How fast to fill a box? A couple of pounds package of bees starting from scratch with foundation, will probably take a month or more to completely fill a medium box with bees, honey, pollen etc. Probably a month and a half to fill a deep. No gaurentees they won't do it faster. No gaurentees it won't take a lot longer. But by then the population has exploded and they next box will not take nearly as long. On the other hand weather etc. and the bees could make it take much longer.


----------



## Solomon Parker (Dec 21, 2002)

one of my hives with SBB's has a serious condensation problem, I had to tilt the lid so the water would evaporate. My hives with solid bottom boards and upper entrances have no condensation whatsoever even in the pouring rain.

------------------
Sol Parker
Southern Oregon Apiaries
http://www.allnaturalhoney.com


----------



## TDSAMMONS (Aug 5, 2002)

Thanks Sol for the information we also closed up our screened bottom boards.
Maybe I'm just a nervous parent, but at 4 or 5 degrees with 50 mile an hour gusts of wind made me nervous so we closed them up.
I have noticed condensed ice between the top and the inner cover on all our hives, this seems to be normal to me. Thanks

------------------
Travis S.


----------



## TDSAMMONS (Aug 5, 2002)

I should have asked this question on my last posting, but here goes, Sol, did you notice any difference in hive size between your open and closed bottom board hives?
Has anyone else out there noticed increased moisture in open screened bottom board hives?
If so or not we would still like to here concerning this. Thanks!

------------------
Travis S.


----------



## Robert Brenchley (Apr 23, 2000)

Quite the opposite; I use SBB's largely because I don't get condensation with them. Could it be anything to do with the siting of the hive?


----------



## Robert Brenchley (Apr 23, 2000)

Quite the opposite; I use SBB's largely because I don't get condensation with them. Could it be anything to do with the siting of the hive?

------------------
Regards,

Robert Brenchley

[email protected]
Birmingham UK


----------



## TDSAMMONS (Aug 5, 2002)

Thanks Robert for your reply, I have noticed with our hives running inner covers on all whether solid bottom boards or open screened we have some condensed ice between the outer and inner covers.
We do not seem to be having the problem that Sol is having with high codensation on our open SBB's.
Have you noticed this year any quicker build-up on your SBB hives through the honey season?
Thanks!

------------------
Travis S.


----------



## Robert Brenchley (Apr 23, 2000)

Hard to say sine I was an early convert and started using them almost as soon as I started keeping bees. They've always built up fast, but I don't know whether any of that is arttributable to the bottoms.

------------------
Regards,

Robert Brenchley

[email protected]
Birmingham UK


----------



## Robert Brenchley (Apr 23, 2000)

Hard to say since I was an early convert and started using them almost as soon as I started keeping bees. They've always built up fast, but I don't know whether any of that is attributable to the bottoms.

------------------
Regards,

Robert Brenchley

[email protected]
Birmingham UK


----------



## Solomon Parker (Dec 21, 2002)

"did you notice any difference in hive size between your open and closed bottom board hives?"

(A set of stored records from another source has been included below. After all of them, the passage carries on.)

lemma gamma_ratio_sq_ge:
  assumes "n \<ge> 1"
  shows "real n / 2 - 1/2 \<le> gamma_ratio_sq n"
proof -
  let ?g = gamma_ratio_sq
  have "(real n)\<^sup>2 / 4 = ?g n * ?g (Suc n)"
    using gamma_ratio_sq_mult_Suc[OF assms] by simp
  also have "\<dots> \<le> ?g n * ((real n + 1) / 2)"
    using gamma_ratio_sq_le[of "Suc n"] gamma_ratio_sq_pos[OF assms] by (intro mult_left_mono) auto
  finally have "(real n - 1) * (real n + 1) \<le> 2 * ?g n * (real n + 1)"
    by (simp add: algebra_simps power2_eq_square)
  then have "real n - 1 \<le> 2 * ?g n"
    by (rule mult_right_le_imp_le) simp
  then show ?thesis
    by simp
qed

lemma gamma_ratio_sq_Suc_Suc:
  assumes "n \<ge> 1"
  shows "gamma_ratio_sq (n + 2) = ((real n + 1) / real n)\<^sup>2 * gamma_ratio_sq n"
proof -
  let ?g = gamma_ratio_sq
  have "(real n)\<^sup>2 * ?g (n + 2) = 4 * (?g n * ?g (Suc n)) * ?g (n + 2)"
    by (simp add: gamma_ratio_sq_mult_Suc[OF assms])
  also have "\<dots> = 4 * ?g n * (?g (Suc n) * ?g (Suc (Suc n)))"
    by (simp add: mult_ac)
  also have "\<dots> = (real n + 1)\<^sup>2 * ?g n"
    using gamma_ratio_sq_mult_Suc[of "Suc n"] by (simp add: add.commute)
  finally show ?thesis
    using assms by (simp add: field_simps)
qed

definition gamma_ratio_defect :: "nat \<Rightarrow> real" where
  "gamma_ratio_defect n = gamma_ratio_sq n - real n / 2 + 1/4"

lemma gamma_ratio_defect_Suc_Suc:
  assumes "n \<ge> 1"
  shows "gamma_ratio_defect (n + 2)
    = ((real n + 1) / real n)\<^sup>2 * gamma_ratio_defect n - 1 / (4 * (real n)\<^sup>2)"
  using assms unfolding gamma_ratio_defect_def gamma_ratio_sq_Suc_Suc[OF assms]
  by (simp add: field_simps power2_eq_square)

lemma abs_gamma_ratio_defect_le:
  assumes "n \<ge> 1"
  shows "\<bar>gamma_ratio_defect n\<bar> \<le> 1/4"
  using gamma_ratio_sq_le[OF assms] gamma_ratio_sq_ge[OF assms]
  unfolding gamma_ratio_defect_def abs_le_iff by (intro conjI) linarith+

lemma gamma_ratio_defect_nonneg: "n \<ge> 1 \<Longrightarrow> gamma_ratio_defect n \<ge> 0"
  by (rule nonneg_if_recurrence_bounded_below[of _ "1/4"])
    (use gamma_ratio_defect_Suc_Suc abs_gamma_ratio_defect_le in \<open>force+\<close>)

lemma gamma_ratio_defect_le:
  assumes "n \<ge> 1"
  shows "gamma_ratio_defect n \<le> 1 / (8 * real n)"
proof -
  have "1 / (8 * real m) - gamma_ratio_defect m \<ge> - (1/4)" if "m \<ge> 1" for m
  proof -
    have "0 < 1 / (8 * real m)"
      using that by simp
    then show ?thesis
      using abs_le_D1[OF abs_gamma_ratio_defect_le[OF that]] by linarith
  qed
  moreover have "1 / (8 * real (m + 2)) - gamma_ratio_defect (m + 2)
      \<le> ((real m + 1) / real m)\<^sup>2 * (1 / (8 * real m) - gamma_ratio_defect m)" if "m \<ge> 1" for m
  proof -
    have "(real m)^3 + 2 * real m * (real m + 2) \<le> (real m + 1)\<^sup>2 * (real m + 2)"
      by (simp add: power2_eq_square power3_eq_cube algebra_simps)
    then have "1 / (8 * (real m + 2)) + 1 / (4 * (real m)\<^sup>2) \<le> ((real m + 1) / real m)\<^sup>2 / (8 * real m)"
      using that by (simp add: divide_simps power2_eq_square power3_eq_cube) (simp add: algebra_simps)
    then show ?thesis
      unfolding gamma_ratio_defect_Suc_Suc[OF that] by (simp add: algebra_simps)
  qed
  ultimately have "1 / (8 * real n) - gamma_ratio_defect n \<ge> 0"
    by (intro nonneg_if_recurrence_bounded_below[of "\<lambda>n. 1 / (8 * real n) - gamma_ratio_defect n" "1/4"])
      (use assms in auto)
  then show ?thesis
    by simp
qed

lemma gamma_ratio_defect_diff_Suc_Suc_le:
  assumes m: "m \<ge> 1"
  shows "gamma_ratio_defect (m + 2) - gamma_ratio_defect (m + 2 + 1)
    \<le> ((real m + 1) / real m)\<^sup>2 * (gamma_ratio_defect m - gamma_ratio_defect (m + 1))"
proof -
  let ?d = gamma_ratio_defect
  define a0 where "a0 = ((real m + 1) / real m)\<^sup>2"
  define a1 where "a1 = ((real m + 2) / (real m + 1))\<^sup>2"
  have a0_a1: "a0 - a1 = (2 * (real m)\<^sup>2 + 4 * real m + 1) / ((real m)\<^sup>2 * (real m + 1)\<^sup>2)"
    using m unfolding a0_def a1_def
    by (simp add: divide_simps) (simp add: power2_eq_square power4_eq_xxxx algebra_simps)
  have errors: "1 / (4 * (real m)\<^sup>2) - 1 / (4 * (real m + 1)\<^sup>2)
      = (2 * real m + 1) / (4 * (real m)\<^sup>2 * (real m + 1)\<^sup>2)"
    using m by (simp add: divide_simps) (simp add: power2_eq_square algebra_simps)
  have "(a0 - a1) * ?d (m + 1) \<le> (a0 - a1) * (1 / (8 * (real m + 1)))"
    using gamma_ratio_defect_le[of "m + 1"] unfolding a0_a1
    by (intro mult_left_mono) (simp_all add: add.commute)
  also have "\<dots> \<le> 1 / (4 * (real m)\<^sup>2) - 1 / (4 * (real m + 1)\<^sup>2)"
  proof -
    have "2 * (real m)\<^sup>2 + 4 * real m + 1 \<le> 2 * (real m + 1) * (2 * real m + 1)"
      by (simp add: power2_eq_square algebra_simps)
    then show ?thesis
      unfolding a0_a1 errors using m
      by (simp add: divide_simps) (simp add: power2_eq_square algebra_simps)
  qed
  finally have "(a0 - a1) * ?d (m + 1) \<le> 1 / (4 * (real m)\<^sup>2) - 1 / (4 * (real m + 1)\<^sup>2)" .
  moreover have "?d (m + 2) = a0 * ?d m - 1 / (4 * (real m)\<^sup>2)"
    using gamma_ratio_defect_Suc_Suc[OF m] by (simp add: a0_def)
  moreover have "?d (m + 2 + 1) = a1 * ?d (m + 1) - 1 / (4 * (real m + 1)\<^sup>2)"
    using gamma_ratio_defect_Suc_Suc[of "m + 1"] by (simp add: a1_def add_ac)
  ultimately show ?thesis
    unfolding a0_def[symmetric] by (simp add: algebra_simps)
qed

lemma gamma_ratio_defect_Suc_le:
  assumes "n \<ge> 1"
  shows "gamma_ratio_defect (Suc n) \<le> gamma_ratio_defect n"
proof -
  let ?d = gamma_ratio_defect
  have "?d m - ?d (m + 1) \<ge> - (1/2)" if "m \<ge> 1" for m
    using abs_gamma_ratio_defect_le[of m] abs_gamma_ratio_defect_le[of "m + 1"] that by auto
  then have "?d n - ?d (n + 1) \<ge> 0"
    using gamma_ratio_defect_diff_Suc_Suc_le assms
    by (intro nonneg_if_recurrence_bounded_below[of "\<lambda>n. ?d n - ?d (n + 1)" "1/2"]) auto
  then show ?thesis
    by simp
qed

lemma gamma_ratio_defect_tendsto_0: "gamma_ratio_defect \<longlonglongrightarrow> 0"
proof (rule tendsto_sandwich[of "\<lambda>_. 0" _ _ "\<lambda>n. 1 / (8 * real n)"])
  show "\<forall>\<^sub>F n in sequentially. 0 \<le> gamma_ratio_defect n"
    using eventually_ge_at_top[of "1::nat"] by eventually_elim (rule gamma_ratio_defect_nonneg)
  show "\<forall>\<^sub>F n in sequentially. gamma_ratio_defect n \<le> 1 / (8 * real n)"
    using eventually_ge_at_top[of "1::nat"] by eventually_elim (rule gamma_ratio_defect_le)
  show "(\<lambda>n. 1 / (8 * real n)) \<longlonglongrightarrow> 0"
    by (intro tendsto_divide_0[OF tendsto_const] filterlim_at_top_imp_at_infinity
        filterlim_tendsto_pos_mult_at_top[OF tendsto_const]) (auto simp: filterlim_real_sequentially)
qed simp

section \<open>Gaussian integrals\<close>

lemma nn_integral_ennreal_cmult:
  assumes "c \<ge> 0" "f \<in> borel_measurable M"
  shows "(\<integral>\<^sup>+x. ennreal (c * f x) \<partial>M) = ennreal c * (\<integral>\<^sup>+x. ennreal (f x) \<partial>M)"
  using assms by (simp add: ennreal_mult' nn_integral_cmult)

lemma nn_integral_powr_exp:
  fixes a l :: real
  assumes "a > 0" "l > 0"
  shows "(\<integral>\<^sup>+t. ennreal (indicator {0<..} t * t powr (a - 1) * exp (- (l * t))) \<partial>lborel)
    = ennreal (Gamma a / l powr a)"
proof -
  have "(\<integral>\<^sup>+t. ennreal (indicator {0<..} t * t powr (a - 1) * exp (- (l * t))) \<partial>lborel)
      = ennreal \<bar>1 / l\<bar> * (\<integral>\<^sup>+x. ennreal (indicator {0<..} (0 + (1 / l) * x)
          * (0 + (1 / l) * x) powr (a - 1) * exp (- (l * (0 + (1 / l) * x)))) \<partial>lborel)"
    using assms by (intro nn_integral_real_affine) auto
  also have "\<dots> = ennreal (1 / l) * (\<integral>\<^sup>+x. ennreal (l powr (1 - a)
      * (indicator {0..} x * x powr (a - 1) / exp x)) \<partial>lborel)"
  proof -
    have "indicator {0<..} (x / l) * (x / l) powr (a - 1) * exp (- x)
        = l powr (1 - a) * (indicator {0..} x * x powr (a - 1) / exp x)" for x
    proof (cases "x > 0")
      case True
      then have "(x / l) powr (a - 1) = l powr (1 - a) * x powr (a - 1)"
        using assms by (simp add: powr_divide powr_diff powr_minus divide_simps)
      then show ?thesis
        using True assms by (simp add: exp_minus field_simps)
    next
      case False
      then show ?thesis
        using assms by (auto simp: indicator_def zero_less_divide_iff)
    qed
    then show ?thesis
      using assms by simp
  qed
  also have "\<dots> = ennreal (1 / l * (l powr (1 - a) * Gamma a))"
    using assms
    by (subst nn_integral_ennreal_cmult)
      (auto simp: Gamma_conv_nn_integral_real[symmetric] ennreal_mult'[symmetric])
  also have "1 / l * (l powr (1 - a) * Gamma a) = Gamma a / l powr a"
    using assms by (simp add: powr_diff field_simps)
  finally show ?thesis .
qed

text \<open>\<open>sqrt s = s \<cdot> s powr (-1/2)\<close>, and \<open>s powr (-1/2)\<close> is a Gamma integral since \<open>Gamma (1/2) = sqrt pi\<close>.\<close>
lemma sqrt_eq_nn_integral:
  fixes s :: real
  assumes "s \<ge> 0"
  shows "ennreal (sqrt s) = (\<integral>\<^sup>+t. ennreal (s / sqrt pi
    * (indicator {0<..} t * t powr (1/2 - 1) * exp (- (s * t)))) \<partial>lborel)"
proof (cases "s = 0")
  case False
  then have "s > 0"
    using assms by simp
  then have "(\<integral>\<^sup>+t. ennreal (s / sqrt pi
      * (indicator {0<..} t * t powr (1/2 - 1) * exp (- (s * t)))) \<partial>lborel)
      = ennreal (s / sqrt pi * (Gamma (1/2) / s powr (1/2)))"
    using nn_integral_powr_exp[of "1/2" s]
    by (subst nn_integral_ennreal_cmult) (auto simp: ennreal_mult'[symmetric])
  also have "s / sqrt pi * (Gamma (1/2) / s powr (1/2)) = sqrt s"
    using \<open>s > 0\<close> by (simp add: Gamma_one_half_real powr_half_sqrt real_div_sqrt)
  finally show ?thesis ..
qed simp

Not too much difference. I had two really good hives that did really well, one was an sbb hive an the other was an upper entrance hive. I did notice that the bees didnt much like to build on the very bottom of the bottom frames right next to the screen. Also, the winter cluster is much higher in the SBB hives than in the UE hives.

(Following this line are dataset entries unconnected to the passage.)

lemma Min_image_abs_diff_le_sum:
  fixes f g :: "'a \<Rightarrow> real"
  assumes "finite M" "M \<noteq> {}"
  shows "\<bar>Min (f ` M) - Min (g ` M)\<bar> \<le> (\<Sum>m\<in>M. \<bar>f m - g m\<bar>)"
proof -
  have "Min (f ` M) \<in> f ` M" "Min (g ` M) \<in> g ` M" using assms by (auto intro: Min_in)
  then obtain m1 m2 where m1: "m1 \<in> M" "Min (f ` M) = f m1" and m2: "m2 \<in> M" "Min (g ` M) = g m2"
    by auto
  have "\<bar>f m1 - g m1\<bar> \<le> (\<Sum>m\<in>M. \<bar>f m - g m\<bar>)" "\<bar>f m2 - g m2\<bar> \<le> (\<Sum>m\<in>M. \<bar>f m - g m\<bar>)"
    using m1 m2 assms by (auto intro: member_le_sum)
  moreover have "Min (g ` M) \<le> g m1" "Min (f ` M) \<le> f m2"
    using assms m1(1) m2(1) by (auto intro!: Min_le)
  ultimately show ?thesis using m1 m2 by (simp add: abs_le_iff)
qed

lemma Min_image_diff_smallo:
  fixes f g :: "'b \<Rightarrow> 'a \<Rightarrow> real"
  assumes "finite M" "M \<noteq> {}" and "\<And>m. m \<in> M \<Longrightarrow> (\<lambda>x. f x m - g x m) \<in> o[F](l)"
  shows "(\<lambda>x. Min (f x ` M) - Min (g x ` M)) \<in> o[F](l)"
proof (rule landau_o.big_small_trans)
  show "(\<lambda>x. \<Sum>m\<in>M. \<bar>f x m - g x m\<bar>) \<in> o[F](l)"
    using assms(3) by (intro big_sum_in_smallo) simp
  show "(\<lambda>x. Min (f x ` M) - Min (g x ` M)) \<in> O[F](\<lambda>x. \<Sum>m\<in>M. \<bar>f x m - g x m\<bar>)"
    using Min_image_abs_diff_le_sum[OF assms(1,2)] by (intro landau_o.big_mono always_eventually) auto
qed

lemma finite_int_abs_le: "finite {m::int. \<bar>real_of_int m\<bar> \<le> A}"
proof (rule finite_subset[of _ "{- \<lceil>A\<rceil>..\<lceil>A\<rceil>}"])
  show "{m::int. \<bar>real_of_int m\<bar> \<le> A} \<subseteq> {- \<lceil>A\<rceil>..\<lceil>A\<rceil>}"
    by (auto simp: abs_le_iff ceiling_le_iff le_ceiling_iff minus_le_iff)
qed simp

theorem proposition2p7:
  fixes A b \<rho> :: real
  assumes "A > 0" and "b > 0" and "1/4 < \<rho>" and "\<rho> < 1/2"
  shows "(\<lambda>h. Inf ((\<lambda>m. lambda1 b \<rho> h m) ` {m::int. \<bar>real_of_int m\<bar> \<le> A})
              - (-1 - sqrt h + (beta_hat b A - 1/2) * h))
         \<in> o[at_right 0](\<lambda>h. h)"
proof -
  define M where "M = {m::int. \<bar>real_of_int m\<bar> \<le> A}"
  define T where "T h x = -1 - sqrt h + (x - 1/2) * h" for h x :: real
  have M: "finite M" "M \<noteq> {}" using finite_int_abs_le \<open>A > 0\<close> by (auto simp: M_def intro!: exI[of _ 0])
  have "(\<lambda>h. Min ((\<lambda>m. lambda1 b \<rho> h m) ` M) - Min ((\<lambda>m. T h ((real_of_int m - b / 2)\<^sup>2)) ` M))
      \<in> o[at_right 0](\<lambda>h. h)"
    using lambda1_asymptotics_fixed_m[OF assms(3,4)] by (intro Min_image_diff_smallo M) (simp add: T_def)
  moreover have "eventually (\<lambda>h. Min ((\<lambda>m. lambda1 b \<rho> h m) ` M) - Min ((\<lambda>m. T h ((real_of_int m - b / 2)\<^sup>2)) ` M)
      = Inf ((\<lambda>m. lambda1 b \<rho> h m) ` M) - T h (beta_hat b A)) (at_right 0)"
    using eventually_at_right_less[of 0]
  proof eventually_elim
    case (elim h)
    then have "mono (T h)" by (intro monoI) (simp add: T_def mult_right_mono)
    then show ?case
      using mono_Min_commute[of "T h" "(\<lambda>m. (real_of_int m - b / 2)\<^sup>2) ` M"] M
      by (simp add: beta_hat_def M_def[symmetric] cInf_eq_Min image_image)
  qed
  ultimately show ?thesis unfolding M_def T_def by (rule landau_o.small.in_cong[THEN iffD1, rotated])
qed

end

"Has anyone else out there noticed increased moisture in open screened bottom board hives?"

As I stated, one of my SBB hives was having a serious condensation problem to the point of mould, but I propped up the lid about 1/4 inch and it went away.



------------------
Sol Parker
Southern Oregon Apiaries
http://www.allnaturalhoney.com


----------



## TDSAMMONS (Aug 5, 2002)

Thanks Sol for the information, our hives that are SBB's appear very strong as we went into the fall. We've had a couple days of flying weather recently and 80% of our hives seem strong. Maybe we'll know more in the spring concerning ventilation differences up here in the snow country. At this point in time I would say our weak hives appear to be from bad laying queens of which we had many and some we didn't get replaced. Thanks!

------------------
Travis S.


----------